By Hans Ebert
“This is another fine mess you’ve got us into”. It was a running gag in nearly every Stan Laurel and Oliver Hardy movie. But the genius of comedy and the crux of much of its appeal is that beneath the laughter and lightness lies a message, a reality check that can instantly bring us back to earth.
And so it is with the Australian racing industry which has been in free fall for some time. What has sped things up at an alarming rate have been the number of Laurels and Hardys in racing in Victoria, who have contributed to a laundry list of integrity issues mixed with embarrassing bumbling, face-saving U-turns, accusations of bullying, politics, pettiness, extreme vindictiveness right across the spectrum of every group that makes up racing. The flagrant disrespect for rules coupled with a directionless executive and rabid self-serving agendas by those at the very top of the tree, has fuelled an almost weekly outbreak of lawlessness in Victorian racing. The mess doesn’t need more airing here. This is for those being paid the big bucks to put their house in order. Or, as has been reported, for Victoria’s Minister of Racing Martin Pakula, below, to step in, bring all the warring factions together, and read these highly paid executives the riot act. But how will this change anything? Really.
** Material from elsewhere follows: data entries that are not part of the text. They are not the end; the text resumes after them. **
(* Let $q$ be a prime power, $\chi$ a multiplicative character of $\mathbb{F}_q^*$ and $\lambda$ an additive character of $\mathbb{F}_q$. For every $n\ge 1$, \[ \sum_{g\in GL(n,q)}\chi(\det g)\,\lambda(\operatorname{tr} g) = \begin{cases} |GL(n,q)| & \text{if } \lambda,\chi \text{ are both trivial},\\ 0 & \text{if } \lambda \text{ is trivial and } \chi \text{ nontrivial},\\ q^{\binom n2}\,G(\chi,\lambda)^n & \text{if } \lambda \text{ is nontrivial}.\end{cases}\]
   Context: $GL(n,q)$ is the group of invertible $n\times n$ matrices over $\mathbb{F}_q$. The Gauss sum is $G(\chi,\lambda)=\sum_{x\in\mathbb{F}_q^*}\chi(x)\lambda(x)$. *)

theory Defs
  imports "HOL-Analysis.Analysis"
begin

definition mult_char :: "('a::field \<Rightarrow> complex) \<Rightarrow> bool" where
  "mult_char chi \<longleftrightarrow> chi 1 = 1 \<and> (\<forall>x y. x \<noteq> 0 \<longrightarrow> y \<noteq> 0 \<longrightarrow> chi (x * y) = chi x * chi y)"

definition add_char :: "('a::field \<Rightarrow> complex) \<Rightarrow> bool" where
  "add_char psi \<longleftrightarrow> psi 0 = 1 \<and> (\<forall>x y. psi (x + y) = psi x * psi y)"

definition trivial_mult_char :: "('a::field \<Rightarrow> complex) \<Rightarrow> bool" where
  "trivial_mult_char chi \<longleftrightarrow> (\<forall>x. x \<noteq> 0 \<longrightarrow> chi x = 1)"

definition trivial_add_char :: "('a::field \<Rightarrow> complex) \<Rightarrow> bool" where
  "trivial_add_char psi \<longleftrightarrow> (\<forall>x. psi x = 1)"

definition gauss_sum :: "('a::{field,finite} \<Rightarrow> complex) \<Rightarrow> ('a \<Rightarrow> complex) \<Rightarrow> complex" where
  "gauss_sum chi psi = (\<Sum>x\<in>{x. x \<noteq> 0}. chi x * psi x)"

text \<open>GL(n,q) with n = CARD('n), q = CARD('a).\<close>
definition GL :: "('a::{field,finite}^'n^'n) set" where
  "GL = {A. invertible A}"

end

theory Submission
  imports Defs
begin

text \<open>Let \<open>U\<close> be the group of lower unitriangular matrices. Since \<open>det (u g) = det g\<close>,
  the sum over \<open>GL\<close> equals its average over the translates \<open>u g\<close>, \<open>u \<in> U\<close>. For fixed \<open>g\<close>,
  \<open>u \<mapsto> tr (u g)\<close> is an affine function of the strictly lower entries of \<open>u\<close>, which is
  nonconstant unless \<open>g\<close> is lower triangular; a nontrivial additive character then sums to
  zero over \<open>U\<close>. So only lower triangular \<open>g\<close> contribute, and for those
  \<open>\<chi> (det g) \<lambda> (tr g)\<close> is the product of \<open>\<chi> \<lambda>\<close> over the diagonal: summing over the
  diagonal gives \<open>G(\<chi>,\<lambda>)\<^sup>n\<close>, and each of the \<open>n choose 2\<close> free entries below it
  contributes a factor \<open>q\<close>. If \<open>\<lambda>\<close> is trivial, the sum is that of \<open>\<chi> \<circ> det\<close> over a group,
  which vanishes for nontrivial \<open>\<chi>\<close>.\<close>

lemma mult_char_prod:
  assumes "mult_char chi" "finite A" "\<And>i. i \<in> A \<Longrightarrow> x i \<noteq> 0"
  shows "chi (prod x A) = (\<Prod>i\<in>A. chi (x i))"
  using assms(2,3)
proof (induction A rule: finite_induct)
  case empty
  then show ?case using assms(1) by (simp add: mult_char_def)
next
  case (insert a A)
  then have "prod x A \<noteq> 0" by auto
  then show ?case using insert assms(1) by (simp add: mult_char_def)
qed

lemma add_char_sum:
  assumes "add_char psi"
  shows "psi (sum x A) = (\<Prod>i\<in>A. psi (x i))"
proof (cases "finite A")
  case True
  then show ?thesis
    by (induction A rule: finite_induct) (use assms in \<open>auto simp: add_char_def\<close>)
qed (use assms in \<open>simp add: add_char_def\<close>)

lemma sum_eq_0_if_bij_scales:
  fixes F :: "'a \<Rightarrow> 'b::idom"
  assumes "bij_betw \<sigma> S S" and "\<And>x. x \<in> S \<Longrightarrow> F (\<sigma> x) = c * F x" and "c \<noteq> 1"
  shows "sum F S = 0"
proof -
  have "sum F S = (\<Sum>x\<in>S. F (\<sigma> x))"
    using sum.reindex_bij_betw[OF assms(1), of F] by simp
  also have "\<dots> = c * sum F S"
    by (simp add: assms(2) sum_distrib_left)
  finally show ?thesis
    using assms(3) by (metis mult_cancel_right1)
qed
We’re not talking here about a headmaster lecturing the Dead Poets Society or The Young Rascals. These are supposedly shrewd, mature businessmen in their fifties and sixties, who have either been recruited into the racing industry, or have pursued a career in it for, perhaps, equal parts passion for the sport, and the financial opportunities to be had. How well are they at doing their job? Is it almost a part-time gig before retirement? Or even a hobby? Who knows. But when questions and doubts like these are raised, especially in today’s nanu-second social media world, the problem doesn’t go away. It multiplies. One thing’s for certain: their actions speak loudly demonstrating an ineptitude that keeps racing in the bottom end of sports and entertainment from which position it will struggle to create it’s own raison d’etre.
For Martin Pakula, the decision was simple. The schoolyard had broken out into open warfare and it was time to read the riot act. But reading the riot act must be backed up by decisive leadership from those in the highly paid executive roles in Racing Victoria, and not the usual serving of waffles. That’s become boring. It must be made very clear that the sport does not tolerate lawless behaviour. Action speaks decibels louder than words and the unruly mob needs the book thrown at them. It’s the only way to bring order into the schoolyard. Unless this is made very clear, you might as well save yourself the angst and let civil war inflict its inevitable damage on racing. The arsonists, especially the two-faced ones, setting fire to racing must be apprehended. And thrown out.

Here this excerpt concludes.